Additionally, as shown in the clonogenic assay, crizotinib had little effect as a single agent on NCI-N87 and MGC-803 cell proliferation, indicating that crizotinib alone did not exhibit marked antitumor activity. It was also noted that there was dephosphorylation of IGF-1R in NCI-N87 and MGC-803 cells treated with crizotinib. This result is consistent with several studies supporting cross activation between IGF-1R and MET receptors (16,29). It is likely that blocking one of the two receptors will lead to reshuffling of the downstream signaling pathways and in turn, affect the other receptor (30).

Notably, co-expression of MET and IGF-1R is a common phenomenon and has been detected in a broad range of types of cancer (18,31,32). Although MET gene amplification accounts for a small subset of GCs (7,33,34), high levels of MET protein and MET activation are commonly encountered (7). In the present study, MET expression and activation were observed in 44.2 and 33.1% gastric tumor samples, respectively. Furthermore, a large proportion of IGF-1R overexpressing gastric tumors (42.9%) have MET activation, which may lead to IGF-1R/IR inhibitor resistance. This result established the feasibility of patient enrichment with a MET profile, and the potential clinical application of combined therapy.

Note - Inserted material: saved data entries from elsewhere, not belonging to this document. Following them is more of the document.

lemma simulated_One:
  assumes X: "One \<in> X"
  shows "simulated One"
proof (unfold simulated_def, intro allI impI iffI)
  fix \<C> L assume \<C>: "sim_base \<subseteq> \<C>" and flat: "aderiv \<C> L (flat One)"
  show "supp \<C> L One" unfolding supp_piece_simps
  proof (intro allI impI)
    fix \<C>' K p assume "\<C> \<subseteq> \<C>'" and K: "aderiv \<C>' K p"
    from \<C> \<open>\<C> \<subseteq> \<C>'\<close> have \<C>': "sim_base \<subseteq> \<C>'" by (rule order_trans)
    show "aderiv \<C>' (L + K) p"
      by (rule aderiv_rule2[OF subsetD[OF \<C>' sim_base.OneE[OF X]]])
        (use aderiv_mono[OF flat \<open>\<C> \<subseteq> \<C>'\<close>] K in simp_all)
  qed
next
  fix \<C> L assume \<C>: "sim_base \<subseteq> \<C>" and supp: "supp \<C> L One"
  have "aderiv \<C> {#} (flat One)" by (rule aderiv_rule0[OF subsetD[OF \<C> sim_base.OneI[OF X]]])
  with supp show "aderiv \<C> L (flat One)" by force
qed

lemma simulated_Zero:
  assumes X: "Zero \<in> X"
  shows "simulated Zero"
proof (unfold simulated_def, intro allI impI iffI)
  fix \<C> L assume \<C>: "sim_base \<subseteq> \<C>" and flat: "aderiv \<C> L (flat Zero)"
  have "aderiv \<C> (L + K) p" for K p
    using aderiv_rule_atom_boxes[OF subsetD[OF \<C> sim_base.ZeroE[OF X]], of "[(atom_box (flat Zero), L)]"]
      flat by simp
  then show "supp \<C> L Zero" by simp
next
  fix \<C> L assume "sim_base \<subseteq> \<C>" and "supp \<C> L Zero"
  then show "aderiv \<C> L (flat Zero)" using add_0_right by (metis supp_piece_simps(7))
qed

lemma simulated_Top:
  assumes X: "Top \<in> X"
  shows "simulated Top"
proof (unfold simulated_def, intro allI impI)
  fix \<C> L assume "sim_base \<subseteq> \<C>"
  with sim_base.TopI[OF X] have "({#} + image_mset atom_box L, {#}, flat Top) \<in> \<C>" by auto
  from aderiv_rule_atom_boxes[OF this, of "[]"] show "aderiv \<C> L (flat Top) \<longleftrightarrow> supp \<C> L Top"
    by simp
qed

lemma simulated_With:
  assumes X: "With \<phi> \<psi> \<in> X" and \<phi>: "simulated \<phi>" and \<psi>: "simulated \<psi>"
  shows "simulated (With \<phi> \<psi>)"
proof (unfold simulated_def, intro allI impI)
  fix \<C> L assume \<C>: "sim_base \<subseteq> \<C>"
  have "aderiv \<C> L (flat (With \<phi> \<psi>)) \<longleftrightarrow> aderiv \<C> L (flat \<phi>) \<and> aderiv \<C> L (flat \<psi>)"
  proof
    assume "aderiv \<C> L (flat (With \<phi> \<psi>))"
    then show "aderiv \<C> L (flat \<phi>) \<and> aderiv \<C> L (flat \<psi>)"
      using aderiv_rule1[OF subsetD[OF \<C> sim_base.WithE1[OF X]]]
        aderiv_rule1[OF subsetD[OF \<C> sim_base.WithE2[OF X]]] by simp
  next
    assume "aderiv \<C> L (flat \<phi>) \<and> aderiv \<C> L (flat \<psi>)"
    then show "aderiv \<C> L (flat (With \<phi> \<psi>))"
      by (intro aderiv_rule1[OF subsetD[OF \<C> sim_base.WithI[OF X]]]) simp
  qed
  then show "aderiv \<C> L (flat (With \<phi> \<psi>)) \<longleftrightarrow> supp \<C> L (With \<phi> \<psi>)"
    by (simp add: simulatedD[OF \<phi> \<C>] simulatedD[OF \<psi> \<C>])
qed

In conclusion, to the best of our knowledge, this is the first study to show that HGF-induced MET activation represents a novel resistance mechanism of IGF-1R inhibition in GC cells. Therefore, the detection of MET receptor status should be taken into consideration when recruiting patients into IGF-1R inhibitor clinical trials, and simultaneous MET inhibition may be required to overcome primary and/or acquired IGF-1R inhibitor resistance.